Anyone care to propose an alternative tagline for the 2015 SkyMiles program that they could put on their seatback TVs?

Comments

  1. I received an email yesterday from delta telling me that looking at my flights till oct 2014, my skymilies accured was 175,000 strictly based on flights. Comparing this to 2015 rules , i would accrue 197,000 miles for sane flights.

    So i went through all of my flights till oct 2014 usibg the MQD amounts (2015 rule) rather than miles flown (2014 rules) and i ended up with 78,000 miles. I recalculated it again abd had the same 78,000 miles.

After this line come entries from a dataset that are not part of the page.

(* Let $G$ be a group acting without inversions on a tree $T$ and let $A\subseteq B$ be subgroups of $G$, both containing hyperbolic elements. Let $v$ be a vertex of $T_{A}$ (so also of $T_B$), and consider the graph map $\pi_{B}:T_{A}/A \to T_{B}/B$, $[x]_{A}\mapsto[x]_{B}$. \begin{enumerate} \item If the stars are finite, then $|Star([v]_{A})|\leq |G_{v}\cap B|\cdot |Star([v]_{B})|$. \item If moreover $v$ is $B$-degenerate and $B_{v}$ stabilizes each edge of $T_B$ with initial vertex $v$, then the restriction $\pi_{B}: Star([v]_{A}) \to Star([v]_{B})$ is injective. \end{enumerate}
   Context: $T_A\subseteq T_B$ denote the unique minimal invariant subtrees of $A$ and $B$. $Star([v]_A)$ is the set of edges of $T_A/A$ with initial vertex $[v]_A$, and $Star([v]_B)$ the set of edges of $T_B/B$ with initial vertex $[v]_B$. A vertex $v$ is $B$-degenerate if $B_v=B_e$ for some edge $e$ of $T_B$ with initial vertex $v$. *)

theory Defs
  imports "HOL-Algebra.Group_Action" "HOL-Library.Extended_Nat"
begin

text \<open>A tree is modelled as a simplicial graph: vertex set V and a symmetric,
irreflexive adjacency relation adj; the (oriented) edges are the ordered pairs
(x,y) with adj x y, the origin (initial vertex) of (x,y) is x.  A tree is a
nonempty connected graph without circuits, i.e. any two vertices are joined by
exactly one reduced (non-backtracking) path.\<close>

definition reduced_path :: "('v \<Rightarrow> 'v \<Rightarrow> bool) \<Rightarrow> 'v list \<Rightarrow> 'v \<Rightarrow> 'v \<Rightarrow> bool" where
  "reduced_path adj xs x y \<longleftrightarrow>
     xs \<noteq> [] \<and> hd xs = x \<and> last xs = y \<and>
     (\<forall>i. i + 1 < length xs \<longrightarrow> adj (xs ! i) (xs ! (i + 1))) \<and>
     (\<forall>i. i + 2 < length xs \<longrightarrow> xs ! i \<noteq> xs ! (i + 2))"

    Not sure how they came up with 197,000. It is abdolutely impossible. I would love it but impossible.

  2. Crafty adverstising indeed. But lets be honest, this new system works great for Delta’s high valued customers. If you’re flying business class from NYC to Tokyo you’re going to earn substantially more miles than you would have in the past. If you’re flying $299 tickets from JFK to SFO you’re going to be worse off.

  3. Everyone who replies to this post will get a check for $100.00*

    *Checks will not be honored – Cash Value: 1/100 Cent

    It’s a leading tag line designed to get business of the moron who doesn’t realize the terms and conditions of these programs.

  4. My Delta Email also compared my current YTD earning of Skymiles to next years dollar based amount. 39000 times 11 at 429000 miles next year. This year I have accrued 243500 miles. So I am all for Skymiles 2015. And that was just through August.

  5. “Still legit way better than MileagePlus!”

    @Ben, I’ll believe that you are impartial (as you claim) when it comes to the 3 legacy carriers when you decide to pile on United, which has a *worse* mileage program now, in many ways, and a demonstrably worse hard and soft product. But Delta’s the punching bag of choice on here, I get it…

  6. Also, to be fair — and I fully realize this reveals my Delta apologism — if you’re a Delta Diamond and you (or your company, more likely) spend $6800+ on a business class fare to Europe or Asia (a not uncommon scenario), you’ll get 75,000 miles. It’s not “everyday traveler getting 75,000 for a transcon in economy,” but it isn’t a $15,000 ticket either.

  7. WHO SAYS An airline can’t consistently screw its frequent fliers and get away with it?*
    *hint: get your employer to buy you full Y fares to keep earning skypesos.

    The worst part of all this is that at the end of the day, airlines want to encourage their most profitable customers. This is not necessarily equal to those who spend the most. For example, a $300 flight from DCA to ATL is a lot more profitable than a $350 flight DCA-ATL-DFW, but they’d still award more “miles” to the longer, less profitable journey.

  8. I’m interested to see your thoughts on Delta’s decision to make a big Airbus purchase. Sure doesn’t seem like a good move in the “Battle for Seattle.”

  9. After several months of following this story all I can say is I think it’s fine to reward and incent your best customers to spend and get more.